■ Recorded data:
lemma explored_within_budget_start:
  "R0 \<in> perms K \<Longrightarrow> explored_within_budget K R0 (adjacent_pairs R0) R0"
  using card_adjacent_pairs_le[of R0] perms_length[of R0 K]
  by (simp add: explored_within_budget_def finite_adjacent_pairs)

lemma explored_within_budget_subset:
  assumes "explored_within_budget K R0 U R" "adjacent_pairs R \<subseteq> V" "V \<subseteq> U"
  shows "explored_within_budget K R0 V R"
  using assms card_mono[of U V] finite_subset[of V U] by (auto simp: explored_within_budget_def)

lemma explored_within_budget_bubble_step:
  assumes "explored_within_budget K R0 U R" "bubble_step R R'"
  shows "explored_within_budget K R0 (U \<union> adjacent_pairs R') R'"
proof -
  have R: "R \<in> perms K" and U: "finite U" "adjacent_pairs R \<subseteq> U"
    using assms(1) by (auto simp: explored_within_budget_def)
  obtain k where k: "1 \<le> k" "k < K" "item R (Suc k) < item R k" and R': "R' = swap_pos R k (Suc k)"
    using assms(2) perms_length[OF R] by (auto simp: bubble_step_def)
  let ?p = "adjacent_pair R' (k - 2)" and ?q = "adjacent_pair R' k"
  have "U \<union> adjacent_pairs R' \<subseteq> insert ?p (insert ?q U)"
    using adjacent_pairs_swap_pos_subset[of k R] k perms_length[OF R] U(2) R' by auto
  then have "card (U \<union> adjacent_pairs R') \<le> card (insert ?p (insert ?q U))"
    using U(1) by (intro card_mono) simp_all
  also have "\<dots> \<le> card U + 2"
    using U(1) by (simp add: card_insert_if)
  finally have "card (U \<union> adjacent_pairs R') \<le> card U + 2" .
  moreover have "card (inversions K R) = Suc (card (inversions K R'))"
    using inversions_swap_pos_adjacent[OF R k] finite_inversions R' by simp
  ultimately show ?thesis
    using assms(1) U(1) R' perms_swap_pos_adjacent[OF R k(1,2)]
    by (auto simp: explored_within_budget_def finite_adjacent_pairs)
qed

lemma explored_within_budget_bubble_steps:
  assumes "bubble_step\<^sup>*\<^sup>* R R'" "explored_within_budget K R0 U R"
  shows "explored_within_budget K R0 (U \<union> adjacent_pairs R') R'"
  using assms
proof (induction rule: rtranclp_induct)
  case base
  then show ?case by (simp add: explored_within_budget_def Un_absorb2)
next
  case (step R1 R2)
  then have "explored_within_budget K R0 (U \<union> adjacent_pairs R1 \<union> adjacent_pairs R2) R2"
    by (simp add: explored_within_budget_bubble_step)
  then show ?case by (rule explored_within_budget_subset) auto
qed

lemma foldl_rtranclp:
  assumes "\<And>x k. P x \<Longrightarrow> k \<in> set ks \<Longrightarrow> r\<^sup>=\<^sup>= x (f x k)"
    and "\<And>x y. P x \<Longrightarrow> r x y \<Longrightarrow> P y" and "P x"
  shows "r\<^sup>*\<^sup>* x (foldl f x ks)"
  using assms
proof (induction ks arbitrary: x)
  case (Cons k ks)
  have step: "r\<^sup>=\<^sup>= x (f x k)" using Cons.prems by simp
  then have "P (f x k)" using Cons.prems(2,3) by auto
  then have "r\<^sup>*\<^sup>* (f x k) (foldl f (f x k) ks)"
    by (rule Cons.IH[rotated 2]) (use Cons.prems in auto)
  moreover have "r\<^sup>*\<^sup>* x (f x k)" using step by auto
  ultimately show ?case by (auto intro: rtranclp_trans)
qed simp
---
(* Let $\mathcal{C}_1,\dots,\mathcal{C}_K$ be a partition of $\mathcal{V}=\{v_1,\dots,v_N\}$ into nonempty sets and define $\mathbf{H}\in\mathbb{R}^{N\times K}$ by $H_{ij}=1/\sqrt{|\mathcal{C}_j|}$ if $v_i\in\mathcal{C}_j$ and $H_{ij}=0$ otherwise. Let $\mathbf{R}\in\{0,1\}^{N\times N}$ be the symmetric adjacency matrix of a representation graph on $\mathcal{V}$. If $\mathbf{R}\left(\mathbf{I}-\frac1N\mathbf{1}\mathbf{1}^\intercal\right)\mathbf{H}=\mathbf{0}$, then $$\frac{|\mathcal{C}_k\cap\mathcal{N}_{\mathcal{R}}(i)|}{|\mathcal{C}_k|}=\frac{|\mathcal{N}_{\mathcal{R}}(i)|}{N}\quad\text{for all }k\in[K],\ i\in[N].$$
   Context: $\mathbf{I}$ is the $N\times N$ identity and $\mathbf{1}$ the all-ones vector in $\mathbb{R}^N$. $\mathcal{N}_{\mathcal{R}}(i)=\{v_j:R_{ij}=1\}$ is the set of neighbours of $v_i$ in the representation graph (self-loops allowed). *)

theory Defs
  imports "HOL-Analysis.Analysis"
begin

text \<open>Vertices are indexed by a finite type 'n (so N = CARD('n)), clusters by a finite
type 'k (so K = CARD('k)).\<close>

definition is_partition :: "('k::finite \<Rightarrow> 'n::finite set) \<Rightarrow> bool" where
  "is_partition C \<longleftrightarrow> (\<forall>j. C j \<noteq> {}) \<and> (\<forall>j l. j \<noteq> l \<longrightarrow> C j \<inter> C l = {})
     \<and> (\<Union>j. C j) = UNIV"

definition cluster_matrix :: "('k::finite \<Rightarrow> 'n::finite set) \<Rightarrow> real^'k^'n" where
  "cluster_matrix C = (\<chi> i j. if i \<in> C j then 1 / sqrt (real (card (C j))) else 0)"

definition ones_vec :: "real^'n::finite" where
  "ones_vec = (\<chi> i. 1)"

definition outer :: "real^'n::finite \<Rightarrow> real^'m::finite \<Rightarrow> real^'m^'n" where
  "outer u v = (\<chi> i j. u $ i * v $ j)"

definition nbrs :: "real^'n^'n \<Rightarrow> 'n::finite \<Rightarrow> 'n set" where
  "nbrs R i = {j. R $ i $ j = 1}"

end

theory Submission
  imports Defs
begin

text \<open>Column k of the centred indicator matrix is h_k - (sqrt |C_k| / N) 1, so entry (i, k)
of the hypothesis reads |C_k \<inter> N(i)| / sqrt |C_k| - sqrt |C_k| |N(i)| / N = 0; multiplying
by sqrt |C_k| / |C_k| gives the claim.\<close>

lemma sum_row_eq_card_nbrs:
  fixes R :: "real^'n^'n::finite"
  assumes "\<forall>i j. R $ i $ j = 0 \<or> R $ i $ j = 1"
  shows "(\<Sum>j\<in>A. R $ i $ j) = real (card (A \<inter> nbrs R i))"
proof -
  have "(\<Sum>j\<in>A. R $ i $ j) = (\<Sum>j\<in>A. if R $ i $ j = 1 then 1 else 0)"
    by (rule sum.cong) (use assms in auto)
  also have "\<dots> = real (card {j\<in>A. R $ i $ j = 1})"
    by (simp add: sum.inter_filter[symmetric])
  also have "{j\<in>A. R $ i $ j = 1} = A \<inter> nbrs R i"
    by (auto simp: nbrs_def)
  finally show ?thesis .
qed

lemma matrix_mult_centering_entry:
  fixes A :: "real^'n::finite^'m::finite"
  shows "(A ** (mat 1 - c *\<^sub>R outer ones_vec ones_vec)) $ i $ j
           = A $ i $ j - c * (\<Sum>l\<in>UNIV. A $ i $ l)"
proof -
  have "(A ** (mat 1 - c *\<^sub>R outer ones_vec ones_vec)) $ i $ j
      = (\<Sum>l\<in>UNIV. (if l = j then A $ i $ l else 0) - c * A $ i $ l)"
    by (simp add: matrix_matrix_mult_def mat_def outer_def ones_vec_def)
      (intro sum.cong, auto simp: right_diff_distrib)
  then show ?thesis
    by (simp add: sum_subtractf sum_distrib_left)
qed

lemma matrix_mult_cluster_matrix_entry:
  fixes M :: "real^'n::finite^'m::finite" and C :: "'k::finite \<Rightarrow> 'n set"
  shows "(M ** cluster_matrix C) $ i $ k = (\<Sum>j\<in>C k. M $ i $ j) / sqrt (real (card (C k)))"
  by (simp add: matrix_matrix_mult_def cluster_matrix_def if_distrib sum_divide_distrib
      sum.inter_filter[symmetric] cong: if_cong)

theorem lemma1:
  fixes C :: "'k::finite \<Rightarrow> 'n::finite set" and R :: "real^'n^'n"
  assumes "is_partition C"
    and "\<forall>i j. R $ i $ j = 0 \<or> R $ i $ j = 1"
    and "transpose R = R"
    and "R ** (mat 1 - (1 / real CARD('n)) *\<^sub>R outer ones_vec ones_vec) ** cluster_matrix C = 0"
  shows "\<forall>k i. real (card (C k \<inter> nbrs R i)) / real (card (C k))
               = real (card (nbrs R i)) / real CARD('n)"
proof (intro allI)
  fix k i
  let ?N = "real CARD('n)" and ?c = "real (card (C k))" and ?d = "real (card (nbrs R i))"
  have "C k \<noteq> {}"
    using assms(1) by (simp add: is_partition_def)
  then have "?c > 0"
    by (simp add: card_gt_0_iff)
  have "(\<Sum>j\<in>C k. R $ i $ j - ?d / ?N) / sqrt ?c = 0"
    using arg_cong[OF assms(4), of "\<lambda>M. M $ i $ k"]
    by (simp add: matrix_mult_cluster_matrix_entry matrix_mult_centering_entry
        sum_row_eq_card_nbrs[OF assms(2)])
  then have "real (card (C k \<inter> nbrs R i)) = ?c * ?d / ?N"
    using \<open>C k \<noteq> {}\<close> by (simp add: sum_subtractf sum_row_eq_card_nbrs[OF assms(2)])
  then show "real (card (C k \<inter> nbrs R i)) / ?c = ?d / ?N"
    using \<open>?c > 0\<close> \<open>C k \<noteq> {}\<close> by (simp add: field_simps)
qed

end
---
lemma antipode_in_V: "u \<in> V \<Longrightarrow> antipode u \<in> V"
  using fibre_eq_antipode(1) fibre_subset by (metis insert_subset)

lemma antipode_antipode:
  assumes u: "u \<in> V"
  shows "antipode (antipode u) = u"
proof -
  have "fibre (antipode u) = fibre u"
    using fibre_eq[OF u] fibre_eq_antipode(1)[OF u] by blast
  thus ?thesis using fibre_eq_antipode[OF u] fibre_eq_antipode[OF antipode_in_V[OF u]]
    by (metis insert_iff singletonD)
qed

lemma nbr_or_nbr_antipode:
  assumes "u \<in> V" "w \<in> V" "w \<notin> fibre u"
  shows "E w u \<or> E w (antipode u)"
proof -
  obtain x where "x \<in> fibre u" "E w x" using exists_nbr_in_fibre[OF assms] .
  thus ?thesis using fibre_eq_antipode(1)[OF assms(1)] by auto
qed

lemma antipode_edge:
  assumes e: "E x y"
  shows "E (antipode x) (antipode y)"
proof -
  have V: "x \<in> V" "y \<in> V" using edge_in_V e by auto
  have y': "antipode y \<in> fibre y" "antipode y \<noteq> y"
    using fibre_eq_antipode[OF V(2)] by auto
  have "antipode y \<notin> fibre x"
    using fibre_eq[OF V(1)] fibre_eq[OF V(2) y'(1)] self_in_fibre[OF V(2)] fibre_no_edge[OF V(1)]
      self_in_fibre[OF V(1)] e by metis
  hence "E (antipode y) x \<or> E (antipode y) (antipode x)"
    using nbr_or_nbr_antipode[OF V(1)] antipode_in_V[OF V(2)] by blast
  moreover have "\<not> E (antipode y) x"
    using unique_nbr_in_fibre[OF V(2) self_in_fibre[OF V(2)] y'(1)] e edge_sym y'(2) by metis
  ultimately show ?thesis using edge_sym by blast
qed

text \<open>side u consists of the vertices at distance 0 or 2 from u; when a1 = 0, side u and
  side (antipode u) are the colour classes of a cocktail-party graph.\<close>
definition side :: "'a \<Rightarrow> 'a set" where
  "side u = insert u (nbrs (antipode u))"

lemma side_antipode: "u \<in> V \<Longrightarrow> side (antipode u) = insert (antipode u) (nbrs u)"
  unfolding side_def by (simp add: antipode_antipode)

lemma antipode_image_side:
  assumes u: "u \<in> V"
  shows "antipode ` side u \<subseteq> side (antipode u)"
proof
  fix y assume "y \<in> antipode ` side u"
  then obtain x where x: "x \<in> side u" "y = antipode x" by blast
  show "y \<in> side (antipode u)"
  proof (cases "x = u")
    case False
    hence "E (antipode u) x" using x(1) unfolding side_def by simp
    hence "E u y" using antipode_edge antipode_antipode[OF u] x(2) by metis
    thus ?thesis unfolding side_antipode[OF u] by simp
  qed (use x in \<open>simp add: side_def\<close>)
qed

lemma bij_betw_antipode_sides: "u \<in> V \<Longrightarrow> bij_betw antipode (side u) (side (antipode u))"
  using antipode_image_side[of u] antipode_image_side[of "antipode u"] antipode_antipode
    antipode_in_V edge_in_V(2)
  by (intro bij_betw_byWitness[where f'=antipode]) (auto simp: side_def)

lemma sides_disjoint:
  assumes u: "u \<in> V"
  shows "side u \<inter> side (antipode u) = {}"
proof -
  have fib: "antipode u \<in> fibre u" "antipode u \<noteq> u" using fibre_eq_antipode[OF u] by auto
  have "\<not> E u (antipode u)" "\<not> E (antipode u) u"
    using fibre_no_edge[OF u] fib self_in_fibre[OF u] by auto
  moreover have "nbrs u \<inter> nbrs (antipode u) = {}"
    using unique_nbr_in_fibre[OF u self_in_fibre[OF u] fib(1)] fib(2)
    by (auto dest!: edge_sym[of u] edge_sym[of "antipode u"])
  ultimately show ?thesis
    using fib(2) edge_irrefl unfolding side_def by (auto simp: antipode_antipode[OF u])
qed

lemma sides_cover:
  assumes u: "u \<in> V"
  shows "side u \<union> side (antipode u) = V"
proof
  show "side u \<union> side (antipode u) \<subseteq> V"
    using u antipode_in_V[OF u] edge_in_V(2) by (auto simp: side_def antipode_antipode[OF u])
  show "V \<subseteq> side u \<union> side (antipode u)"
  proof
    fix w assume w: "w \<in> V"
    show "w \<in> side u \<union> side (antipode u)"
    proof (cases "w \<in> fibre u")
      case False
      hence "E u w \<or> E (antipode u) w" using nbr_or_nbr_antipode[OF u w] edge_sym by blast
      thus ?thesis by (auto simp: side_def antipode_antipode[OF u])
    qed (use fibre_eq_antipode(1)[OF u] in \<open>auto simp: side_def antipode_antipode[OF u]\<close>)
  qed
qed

■ WHAT TO DO: Lines to set down from above: the line with "then show ?case by (simp", the line with "x (foldl f x", and every line between, each exactly as written.

■ TASK SOLUTION:
  then show ?case by (simp add: explored_within_budget_def Un_absorb2)
next
  case (step R1 R2)
  then have "explored_within_budget K R0 (U \<union> adjacent_pairs R1 \<union> adjacent_pairs R2) R2"
    by (simp add: explored_within_budget_bubble_step)
  then show ?case by (rule explored_within_budget_subset) auto
qed

lemma foldl_rtranclp:
  assumes "\<And>x k. P x \<Longrightarrow> k \<in> set ks \<Longrightarrow> r\<^sup>=\<^sup>= x (f x k)"
    and "\<And>x y. P x \<Longrightarrow> r x y \<Longrightarrow> P y" and "P x"
  shows "r\<^sup>*\<^sup>* x (foldl f x ks)"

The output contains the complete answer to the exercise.